The names of members of Sigma Chi, a social fraternity on campus, are now on display in St. Paul City Hall after the chapter received the Neighborhood Honor Roll award last January in recognition of its community service.
“We’re a small chapter, and we don’t get a lot of recognition through the university, like publicity; no one really knows about us. The city hall thing was huge,” said Tony Martin, senior and the executive director of Sigma Chi.
The fraternity, which has been active on campus for 26 years, accumulates an average of 350 service hours each semester. Its work in the community prompted Ed Martell, the DFL precinct chair for the neighborhood surrounding the university, to nominate them.
“They have everything a university would want,” Martell said. “The university should be extremely proud of how they contribute.”

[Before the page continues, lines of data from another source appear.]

(* Under the setting of the previous statement (Bernoulli vector $\boldsymbol{I}$ with $\Pr(I_j=1)=p_j\in(0,1)$, independent uniform vectors $\boldsymbol{U}_0,\boldsymbol{U}_1$, and $U_m=U_{0,m}^{1-p_m}U_{1,m}^{I_m}$), the copula of $\boldsymbol{U}$ can be written as $$C(\boldsymbol{u}) = \prod_{m=1}^d u_m\left(1 + \sum_{k=1}^d\sum_{1\le j_1<\dots<j_k\le d}\nu_{j_1\dots j_k}\prod_{n=1}^k\left(1-u_{j_n}^{\frac{p_{j_n}}{1-p_{j_n}}}\right)\right),\qquad \boldsymbol{u}\in[0,1]^d,$$ where $\nu_{j_1\dots j_k} = E\left[\prod_{n=1}^k\frac{I_{j_n}-p_{j_n}}{p_{j_n}}\right]$ (in particular $\nu_{j}=0$ for $k=1$). *)

theory Defs
  imports "HOL-Probability.Probability"
begin

definition copula_of ::
  "'a measure \<Rightarrow> (nat \<Rightarrow> 'a \<Rightarrow> real) \<Rightarrow> nat \<Rightarrow> ((nat \<Rightarrow> real) \<Rightarrow> real) \<Rightarrow> bool" where
  "copula_of M X d C \<longleftrightarrow>
     (\<forall>x::nat \<Rightarrow> real.
        measure M {\<omega> \<in> space M. \<forall>m\<in>{1..d}. X m \<omega> \<le> x m}
          = C (\<lambda>m. measure M {\<omega> \<in> space M. X m \<omega> \<le> x m}))"

end

theory Submission
  imports Defs
begin

text \<open>
  Given \<open>I\<close>, the coordinates \<open>U\<^sub>m = U\<^sub>0\<^sub>m powr (1 - p\<^sub>m) * U\<^sub>1\<^sub>m ^ I\<^sub>m\<close> are
  independent, and an elementary integration shows that on \<open>{I\<^sub>m = r}\<close> the conditional
  distribution function of \<open>U\<^sub>m\<close> at \<open>u \<in> [0, 1]\<close> is
  \<open>u * (1 + (r - p\<^sub>m) / p\<^sub>m * (1 - u powr (p\<^sub>m / (1 - p\<^sub>m))))\<close>.
  Since \<open>E I\<^sub>m = p\<^sub>m\<close>, each \<open>U\<^sub>m\<close> is uniform, so the copula is the joint distribution
  function itself: the expectation over \<open>I\<close> of the product of the conditional distribution
  functions. Expanding the product of the factors
  \<open>1 + Y\<^sub>m * (1 - u\<^sub>m powr (p\<^sub>m / (1 - p\<^sub>m)))\<close> with \<open>Y\<^sub>m = (I\<^sub>m - p\<^sub>m) / p\<^sub>m\<close>
  over subsets \<open>J\<close> and integrating yields the coefficients \<open>\<nu>\<^sub>J = E (\<Prod>j\<in>J. Y\<^sub>j)\<close>;
  these vanish for singletons \<open>J\<close> because each \<open>Y\<^sub>j\<close> is centred.
\<close>

lemma prod_mult_one_plus_mult:
  fixes u a b :: "'a \<Rightarrow> 'b :: comm_semiring_1"
  assumes "finite K"
  shows "(\<Prod>m\<in>K. u m * (1 + a m * b m))
       = (\<Prod>m\<in>K. u m) * (\<Sum>J\<in>Pow K. (\<Prod>j\<in>J. a j) * (\<Prod>j\<in>J. b j))"
proof -
  have "(\<Prod>m\<in>K. a m * b m + 1) = (\<Sum>J\<in>Pow K. (\<Prod>j\<in>J. a j * b j) * (\<Prod>j\<in>K - J. 1))"
    by (rule prod_add[OF assms])
  thus ?thesis by (simp add: prod.distrib add.commute)
qed

lemma (in prob_space) indep_var_nn_integral_iterated:
  assumes XY: "indep_var S X T Y" and f: "f \<in> borel_measurable (S \<Otimes>\<^sub>M T)"
  shows "(\<integral>\<^sup>+ \<omega>. f (X \<omega>, Y \<omega>) \<partial>M) = (\<integral>\<^sup>+ \<omega>. \<integral>\<^sup>+ \<omega>'. f (X \<omega>, Y \<omega>') \<partial>M \<partial>M)"
proof -
  have X: "random_variable S X" and Y: "random_variable T Y"
    using XY by (rule indep_var_rv1, rule indep_var_rv2)
  interpret PY: prob_space "distr M T Y" by (rule prob_space_distr) (rule Y)
  have sets_eq: "sets (distr M S X \<Otimes>\<^sub>M distr M T Y) = sets (S \<Otimes>\<^sub>M T)"
    by (intro sets_pair_measure_cong sets_distr)
  have f': "f \<in> borel_measurable (distr M S X \<Otimes>\<^sub>M distr M T Y)"
    using f measurable_cong_sets[OF sets_eq refl] by blast
  have "(\<integral>\<^sup>+ \<omega>. f (X \<omega>, Y \<omega>) \<partial>M) = (\<integral>\<^sup>+ z. f z \<partial>distr M (S \<Otimes>\<^sub>M T) (\<lambda>\<omega>. (X \<omega>, Y \<omega>)))"
    by (rule nn_integral_distr[OF measurable_Pair[OF X Y], symmetric])
      (subst measurable_distr_eq1, rule f)
  also have "\<dots> = (\<integral>\<^sup>+ z. f z \<partial>(distr M S X \<Otimes>\<^sub>M distr M T Y))"
    using XY unfolding indep_var_distribution_eq by metis
  also have "\<dots> = (\<integral>\<^sup>+ x. \<integral>\<^sup>+ y. f (x, y) \<partial>distr M T Y \<partial>distr M S X)"
    by (rule PY.nn_integral_fst[OF f', symmetric])
  also have "\<dots> = (\<integral>\<^sup>+ \<omega>. \<integral>\<^sup>+ y. f (X \<omega>, y) \<partial>distr M T Y \<partial>M)"
    by (rule nn_integral_distr[OF X PY.borel_measurable_nn_integral_fst[OF f']])
  also have "\<dots> = (\<integral>\<^sup>+ \<omega>. \<integral>\<^sup>+ \<omega>'. f (X \<omega>, Y \<omega>') \<partial>M \<partial>M)"
  proof (rule nn_integral_cong)
    fix \<omega> assume "\<omega> \<in> space M"
    hence "X \<omega> \<in> space (distr M S X)" using measurable_space[OF X] by simp
    from measurable_Pair2[OF f' this]
    show "(\<integral>\<^sup>+ y. f (X \<omega>, y) \<partial>distr M T Y) = (\<integral>\<^sup>+ \<omega>'. f (X \<omega>, Y \<omega>') \<partial>M)"
      by (rule nn_integral_distr[OF Y])
  qed
  finally show ?thesis .
qed

definition uniform_cdf :: "real \<Rightarrow> real" where
  "uniform_cdf x = max 0 (min 1 x)"

lemma uniform_cdf_nonneg: "0 \<le> uniform_cdf x"
  and uniform_cdf_le_one: "uniform_cdf x \<le> 1"
  by (auto simp: uniform_cdf_def)
(* Let $X$ and $Y$ be Banach spaces and let $T\in B(X)$ and $S\in B(Y)$ be equivalent after extension. If $S$ is compact, then there exists a closed subspace of $Y$ of finite codimension that is topologically isomorphic to a closed subspace of $X$.
   Context: All Banach spaces are complex; $B(X,Y)$ denotes bounded linear operators; invertibility means bounded inverse; $X\oplus Y$ is the $\ell^2$-direct sum and $\mathrm{id}_X$ the identity. Operators $T\in B(X)$ and $S\in B(Y)$ are equivalent after extension if there exist Banach spaces $X'$, $Y'$ and invertible $E\in B(Y\oplus Y',X\oplus X')$, $F\in B(X\oplus X',Y\oplus Y')$ with $\begin{bmatrix}T&0\\0&\mathrm{id}_{X'}\end{bmatrix}=E\begin{bmatrix}S&0\\0&\mathrm{id}_{Y'}\end{bmatrix}F$. *)

theory Defs
  imports "HOL-Analysis.Analysis"
begin

class complex_vector = real_vector +
  fixes scaleC :: "complex \<Rightarrow> 'a \<Rightarrow> 'a" (infixr "*\<^sub>C" 75)
  assumes scaleC_add_right: "a *\<^sub>C (x + y) = a *\<^sub>C x + a *\<^sub>C y"
    and scaleC_add_left: "(a + b) *\<^sub>C x = a *\<^sub>C x + b *\<^sub>C x"
    and scaleC_scaleC: "a *\<^sub>C (b *\<^sub>C x) = (a * b) *\<^sub>C x"
    and scaleC_one: "1 *\<^sub>C x = x"
    and scaleR_scaleC: "scaleR r x = complex_of_real r *\<^sub>C x"

class complex_normed_vector = complex_vector + real_normed_vector +
  assumes norm_scaleC: "norm (a *\<^sub>C x) = cmod a * norm x"

text \<open>Direct sums: the product type carries the l2-norm (norm_prod_def);
  complex scalars act componentwise.\<close>

instantiation prod :: (complex_vector, complex_vector) complex_vector
begin
definition scaleC_prod_def: "a *\<^sub>C x = (a *\<^sub>C fst x, a *\<^sub>C snd x)"
instance
  by standard (auto simp: scaleC_prod_def scaleC_add_right scaleC_add_left
      scaleC_scaleC scaleR_scaleC complex_vector_class.scaleC_one prod_eq_iff)
end

instance prod :: (complex_normed_vector, complex_normed_vector) complex_normed_vector
proof
  fix a :: complex and x :: "'a \<times> 'b"
  have "norm (a *\<^sub>C x) = sqrt ((cmod a)\<^sup>2 * ((norm (fst x))\<^sup>2 + (norm (snd x))\<^sup>2))"
    by (simp add: norm_prod_def scaleC_prod_def norm_scaleC power_mult_distrib algebra_simps)
  also have "\<dots> = cmod a * norm x"
    by (simp add: norm_prod_def real_sqrt_mult)
  finally show "norm (a *\<^sub>C x) = cmod a * norm x" .
qed

definition clinear :: "('a::complex_vector \<Rightarrow> 'b::complex_vector) \<Rightarrow> bool" where
  "clinear f \<longleftrightarrow> (\<forall>x y. f (x + y) = f x + f y) \<and> (\<forall>c x. f (c *\<^sub>C x) = c *\<^sub>C f x)"

definition bounded_clinear ::
  "('a::complex_normed_vector \<Rightarrow> 'b::complex_normed_vector) \<Rightarrow> bool" where
  "bounded_clinear f \<longleftrightarrow> clinear f \<and> (\<exists>K. \<forall>x. norm (f x) \<le> norm x * K)"

definition invertible_op ::
  "('a::complex_normed_vector \<Rightarrow> 'b::complex_normed_vector) \<Rightarrow> bool" where
  "invertible_op f \<longleftrightarrow> bounded_clinear f \<and>
     (\<exists>g. bounded_clinear g \<and> (\<forall>x. g (f x) = x) \<and> (\<forall>y. f (g y) = y))"

definition compact_op ::
  "('a::complex_normed_vector \<Rightarrow> 'b::complex_normed_vector) \<Rightarrow> bool" where
  "compact_op f \<longleftrightarrow> bounded_clinear f \<and> (\<forall>B. bounded B \<longrightarrow> compact (closure (f ` B)))"

definition csubspace :: "'a::complex_vector set \<Rightarrow> bool" where
  "csubspace M \<longleftrightarrow> 0 \<in> M \<and> (\<forall>x\<in>M. \<forall>y\<in>M. x + y \<in> M) \<and> (\<forall>c. \<forall>x\<in>M. c *\<^sub>C x \<in> M)"

text \<open>Finite codimension: some finite set spans a complement modulo M, i.e. Y/M is finite-dimensional.\<close>
definition finite_codim :: "'a::complex_vector set \<Rightarrow> bool" where
  "finite_codim M \<longleftrightarrow> (\<exists>F. finite F \<and>
     (\<forall>y. \<exists>m\<in>M. \<exists>c. y = m + (\<Sum>f\<in>F. c f *\<^sub>C f)))"

definition top_isomorphic ::
  "'a::complex_normed_vector set \<Rightarrow> 'b::complex_normed_vector set \<Rightarrow> bool" where
  "top_isomorphic M N \<longleftrightarrow> (\<exists>\<phi> \<psi>. homeomorphism M N \<phi> \<psi> \<and>
     (\<forall>x\<in>M. \<forall>y\<in>M. \<phi> (x + y) = \<phi> x + \<phi> y) \<and> (\<forall>c. \<forall>x\<in>M. \<phi> (c *\<^sub>C x) = c *\<^sub>C \<phi> x))"

end

theory Submission
  imports Defs
begin

text \<open>Write \<open>F\<^sup>-\<^sup>1(y, 0) = (J y, K y)\<close>. Evaluating
  \<open>T \<oplus> id = E (S \<oplus> id) F\<close> at \<open>F\<^sup>-\<^sup>1(y, 0)\<close> gives \<open>K y = snd (E (S y, 0))\<close>,
  so \<open>K\<close> is compact, and boundedness of \<open>F\<close> gives \<open>\<parallel>y\<parallel> \<le> C (\<parallel>J y\<parallel> + \<parallel>K y\<parallel>)\<close>.
  A compact operator has norm at most \<open>1/(2C)\<close> on a closed subspace \<open>M\<close> of finite
  codimension: the common kernel of norming functionals (Hahn--Banach) at the points of a
  finite net of \<open>K (cball 0 1)\<close>. On \<open>M\<close> the map \<open>J\<close> is bounded below, hence a
  topological isomorphism onto the closed subspace \<open>J ` M\<close> of \<open>X\<close>.\<close>

section \<open>Real norming functionals\<close>

text \<open>Graphs of linear functionals on subspaces, dominated by the norm and norming at \<open>v\<close>;
  Zorn's lemma produces a maximal one, which is total.\<close>
definition norm_dominated_graph :: "'a::real_normed_vector \<Rightarrow> ('a \<times> real) set \<Rightarrow> bool" where
  "norm_dominated_graph v G \<longleftrightarrow>
     (\<forall>x a y b. (x, a) \<in> G \<longrightarrow> (y, b) \<in> G \<longrightarrow> (x + y, a + b) \<in> G) \<and>
     (\<forall>x a r. (x, a) \<in> G \<longrightarrow> (r *\<^sub>R x, r * a) \<in> G) \<and>
     (\<forall>x a. (x, a) \<in> G \<longrightarrow> a \<le> norm x) \<and> (v, norm v) \<in> G"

Regular community service projects are what sets the fraternity apart, according to Martell and Amy Gage, the neighborhood liaison at St. Thomas. The fraternity puts on projects like the Shovel Brigade — a weekly winter event during which fraternity members help clear snow from the driveways and sidewalks of campus neighbors — and Sunday Morning Pick-Me Up, a bi-weekly event meant to clean up the community. Gage also thinks the students in the fraternity represent the school well.

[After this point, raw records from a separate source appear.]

(* Let $a_{1}<a_{2}<a_{3}<\cdots$ be a strictly increasing infinite sequence of positive integers, let $A=\{a_{1},a_{2},a_{3},\ldots\}$, and let $n>0$ be an integer such that: (1) whenever $m>n$, there exist indices $i<r\leq s<j$ with $a_{m}=a_{i}+a_{j}=a_{r}+a_{s}$; and (2) whenever $a=a_{i}+a_{j}=a_{r}+a_{s}>a_{n}$ for some indices $i<r<s<j$, then $a=a_{m}$ for some $m>n$. Suppose $d,a,b$ are integers such that the five numbers $d,a,b,a+d,b+d$ are pairwise distinct and all belong to $A$, and suppose $a_{n}<k$ where $k=a+b+d$. Then every positive multiple of $k$ belongs to $A$, i.e., $mk\in A$ for all integers $m\geq 1$. *)

theory Defs
  imports Main
begin

end

theory Submission
  imports Defs
begin

(* Call a set A closed above c if every sum p + q = r + s > c of two representations by four
   distinct elements of A lies in A; condition (2) makes A closed above a_n.
   Put k = x + y + d. Then k = x + (y + d) = (x + d) + y and k + d = (x + d) + (y + d) lie in A.
   If t and t + d lie in A with t >= k, the identities
     (t + d) + x = t + (x + d),            (t + d) + y = t + (y + d),
     (t + d + x) + y = (t + d + y) + x,    (t + d + x) + (y + d) = (t + d + y) + (x + d)
   put t + k and t + k + d into A; positivity of A makes all these quadruples distinct. *)

definition double_sum_closed_above :: "'a::linordered_ab_group_add \<Rightarrow> 'a set \<Rightarrow> bool" where
  "double_sum_closed_above c A \<longleftrightarrow>
     (\<forall>p\<in>A. \<forall>q\<in>A. \<forall>r\<in>A. \<forall>s\<in>A.
        distinct [p, q, r, s] \<longrightarrow> p + q = r + s \<longrightarrow> c < p + q \<longrightarrow> p + q \<in> A)"

lemma double_sum_closed_aboveD:
  assumes "double_sum_closed_above c A" "p \<in> A" "q \<in> A" "r \<in> A" "s \<in> A"
    and "distinct [p, q, r, s]" "p + q = r + s" "c < p + q"
  shows "p + q \<in> A"
  using assms unfolding double_sum_closed_above_def by blast

lemma double_sum_closed_aboveI:
  assumes nested: "\<And>p q r s. p \<in> A \<Longrightarrow> q \<in> A \<Longrightarrow> r \<in> A \<Longrightarrow> s \<in> A \<Longrightarrow>
      p < r \<Longrightarrow> r < s \<Longrightarrow> s < q \<Longrightarrow> p + q = r + s \<Longrightarrow> c < p + q \<Longrightarrow> p + q \<in> A"
  shows "double_sum_closed_above c A"
  unfolding double_sum_closed_above_def
proof (intro ballI impI)
  \<comment> \<open>Of two representations of the same sum, the pair containing the smallest summand
     also contains the largest one.\<close>
  fix p q r s
  assume mem: "p \<in> A" "q \<in> A" "r \<in> A" "s \<in> A" and "distinct [p, q, r, s]"
    and sum: "p + q = r + s" and above: "c < p + q"
  have sum_minmax: "min p q + max p q = p + q" "min r s + max r s = r + s"
    by (simp_all add: min_def max_def)
  have minmax_mem: "min p q \<in> A" "max p q \<in> A" "min r s \<in> A" "max r s \<in> A"
    using mem by (simp_all add: min_def max_def)
  have "min p q \<noteq> min r s" and minmax_less: "min p q < max p q" "min r s < max r s"
    using \<open>distinct [p, q, r, s]\<close> by (auto simp: min_def max_def)
  moreover have "max r s < max p q" if "min p q < min r s"
    using add_less_le_mono[OF that, of "max p q" "max r s"] sum sum_minmax
    by (metis not_less order.irrefl)
  moreover have "max p q < max r s" if "min r s < min p q"
    using add_less_le_mono[OF that, of "max r s" "max p q"] sum sum_minmax
    by (metis not_less order.irrefl)
  ultimately consider
      "min p q < min r s" "max r s < max p q" | "min r s < min p q" "max p q < max r s"
    by (meson linorder_neqE)
  then show "p + q \<in> A"
  proof cases
    case 1
    then show ?thesis
      using nested[OF minmax_mem(1,2,3,4)] sum sum_minmax above minmax_less(2) by simp
  next
    case 2
    then show ?thesis
      using nested[OF minmax_mem(3,4,1,2)] sum sum_minmax above minmax_less(1) by simp
  qed
qed

lemma double_sum_closed_above_seq_range:
  fixes a :: "nat \<Rightarrow> 'a::linordered_ab_group_add"
  assumes mono: "\<And>i. i \<ge> 1 \<Longrightarrow> a i < a (Suc i)"
    and nested: "\<And>i r s j. 1 \<le> i \<Longrightarrow> i < r \<Longrightarrow> r < s \<Longrightarrow> s < j \<Longrightarrow>
       a i + a j = a r + a s \<Longrightarrow> c < a i + a j \<Longrightarrow> \<exists>m\<ge>1. a i + a j = a m"
  shows "double_sum_closed_above c {a i | i. i \<ge> 1}"
proof (rule double_sum_closed_aboveI)
  have less: "a i < a j" if "1 \<le> i" "i < j" for i j
    using lift_Suc_mono_less_ivl[of "{1..}" a i j] mono that by (simp add: subset_eq)
  have less_iff: "a i < a j \<longleftrightarrow> i < j" if "1 \<le> i" "1 \<le> j" for i j
    using less[of i j] less[of j i] that by (cases i j rule: linorder_cases) auto
  fix p q r s
  assume "p \<in> {a i | i. i \<ge> 1}" "q \<in> {a i | i. i \<ge> 1}"
    "r \<in> {a i | i. i \<ge> 1}" "s \<in> {a i | i. i \<ge> 1}"
  then obtain i j r' s' where idx: "1 \<le> i" "1 \<le> j" "1 \<le> r'" "1 \<le> s'"
    and vals: "p = a i" "q = a j" "r = a r'" "s = a s'"
    by blast
  assume "p < r" "r < s" "s < q" "p + q = r + s" "c < p + q"
  then have "i < r'" "r' < s'" "s' < j"
    using less_iff idx vals by simp_all
  then show "p + q \<in> {a i | i. i \<ge> 1}"
    using nested[of i r' s' j] idx vals \<open>p + q = r + s\<close> \<open>c < p + q\<close> by auto
qed

context
  fixes A :: "int set" and c d x y k :: int
  assumes closed: "double_sum_closed_above c A"
    and pos: "A \<subseteq> {0<..}"
    and dist: "distinct [d, x, y, x + d, y + d]"
    and mem: "d \<in> A" "x \<in> A" "y \<in> A" "x + d \<in> A" "y + d \<in> A"
    and k_def: "k = x + y + d"
    and above: "c < k"
begin

private lemma generators_pos: "0 < d" "0 < x" "0 < y"
  using pos mem by auto

lemma double_sum_closed_above_base: "k \<in> A" "k + d \<in> A"
proof -
  show "k \<in> A"
    using double_sum_closed_aboveD[OF closed mem(2,5,4,3)] dist above k_def
    by (auto simp: add.assoc)
  then show "k + d \<in> A"
    using double_sum_closed_aboveD[OF closed _ mem(1,4,5), of k] dist above generators_pos k_def
    by auto
qed

lemma double_sum_closed_above_step:
  assumes t: "t \<in> A" "t + d \<in> A" and "k \<le> t"
  shows "t + k \<in> A" "t + k + d \<in> A"
proof -
  note facts = t \<open>k \<le> t\<close> k_def above generators_pos
  have tx: "t + d + x \<in> A"
    using double_sum_closed_aboveD[OF closed t(2) mem(2) t(1) mem(4)] facts by simp
  have ty: "t + d + y \<in> A"
    using double_sum_closed_aboveD[OF closed t(2) mem(3) t(1) mem(5)] facts by simp
  have "t + d + x + y \<in> A"
    using double_sum_closed_aboveD[OF closed tx mem(3) ty mem(2)] facts dist by simp
  then show "t + k \<in> A"
    using k_def by (simp add: add_ac)
  have "t + d + x + (y + d) \<in> A"
    using double_sum_closed_aboveD[OF closed tx mem(5) ty mem(4)] facts dist by simp
  then show "t + k + d \<in> A"
    using k_def by (simp add: add_ac)
qed

lemma double_sum_closed_above_multiples:
  assumes "1 \<le> m"
  shows "m * k \<in> A"
proof -
  have "m * k \<in> A \<and> m * k + d \<in> A"
    using assms
  proof (induction m rule: int_ge_induct)
    case base
    show ?case using double_sum_closed_above_base by simp
  next
    case (step m)
    have "k \<le> m * k"
      using step.hyps double_sum_closed_above_base(1) pos by auto
    then have "m * k + k \<in> A" "m * k + k + d \<in> A"
      using double_sum_closed_above_step step.IH by blast+
    then show ?case
      by (simp add: distrib_right)
  qed
  then show ?thesis ..
qed

end

theorem lemma1:
  fixes a :: "nat \<Rightarrow> int" and A :: "int set" and n :: nat and d x y k :: int
  assumes mono: "\<And>i. i \<ge> 1 \<Longrightarrow> a i < a (Suc i)"
    and pos: "\<And>i. i \<ge> 1 \<Longrightarrow> a i > 0"
    and A_def: "A = {a i | i. i \<ge> 1}"
    and n_pos: "n > 0"
    and cond1: "\<And>m. m > n \<Longrightarrow>
       \<exists>i r s j. 1 \<le> i \<and> i < r \<and> r \<le> s \<and> s < j \<and> a m = a i + a j \<and> a m = a r + a s"
    and cond2: "\<And>i r s j. 1 \<le> i \<Longrightarrow> i < r \<Longrightarrow> r < s \<Longrightarrow> s < j \<Longrightarrow>
       a i + a j = a r + a s \<Longrightarrow> a i + a j > a n \<Longrightarrow> \<exists>m>n. a i + a j = a m"
    and dist: "distinct [d, x, y, x + d, y + d]"
    and mem: "d \<in> A" "x \<in> A" "y \<in> A" "x + d \<in> A" "y + d \<in> A"
    and k_def: "k = x + y + d"
    and nk: "a n < k"
  shows "\<forall>m::int. m \<ge> 1 \<longrightarrow> m * k \<in> A"
proof -
  have closed: "double_sum_closed_above (a n) A"
    unfolding A_def using mono
  proof (rule double_sum_closed_above_seq_range)
    fix i r s j
    assume "1 \<le> i" "i < r" "r < s" "s < j" "a i + a j = a r + a s" "a n < a i + a j"
    then obtain m where "n < m" "a i + a j = a m"
      using cond2 by blast
    then show "\<exists>m\<ge>1. a i + a j = a m"
      by (intro exI[of _ m]) simp
  qed
  have "A \<subseteq> {0<..}"
    using pos unfolding A_def by auto
  then show ?thesis
    using double_sum_closed_above_multiples[OF closed _ dist mem k_def nk] by blast
qed

end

“At least twice (Sigma Chi) has been responsible enough to let me know they were going to have a party,” Gage said. “They do it right. I think the guys that are there represent the best of our students.”
This award isn’t the first for Sigma Chi. Last spring, the fraternity was given the Community Engagement Award by the university in recognition of its service work involving the Shovel Brigade and Sunday Morning Pick-Me Up.
But the group doesn’t do it for the awards.
“When we go out on these Sunday Morning Pick-Me Ups, we’re often embraced by residents, and it’s amazing to see these people smile; they’re just so happy,” said Bobby Martin, sophomore and Sigma Chi’s technology and campus relations chair. “They go out, and they see their neighborhood, their lawn and everything trashed by people who go out partying and leave trash behind. It’s really unfair to them because they don’t deserve that.”
Through projects such as Sunday Morning Pick-Me Up, Sigma Chi has helped to reduce the amount of trash found in the neighborhood over time as well.
“Each time we do it, there’s less to clean up,” Martell said.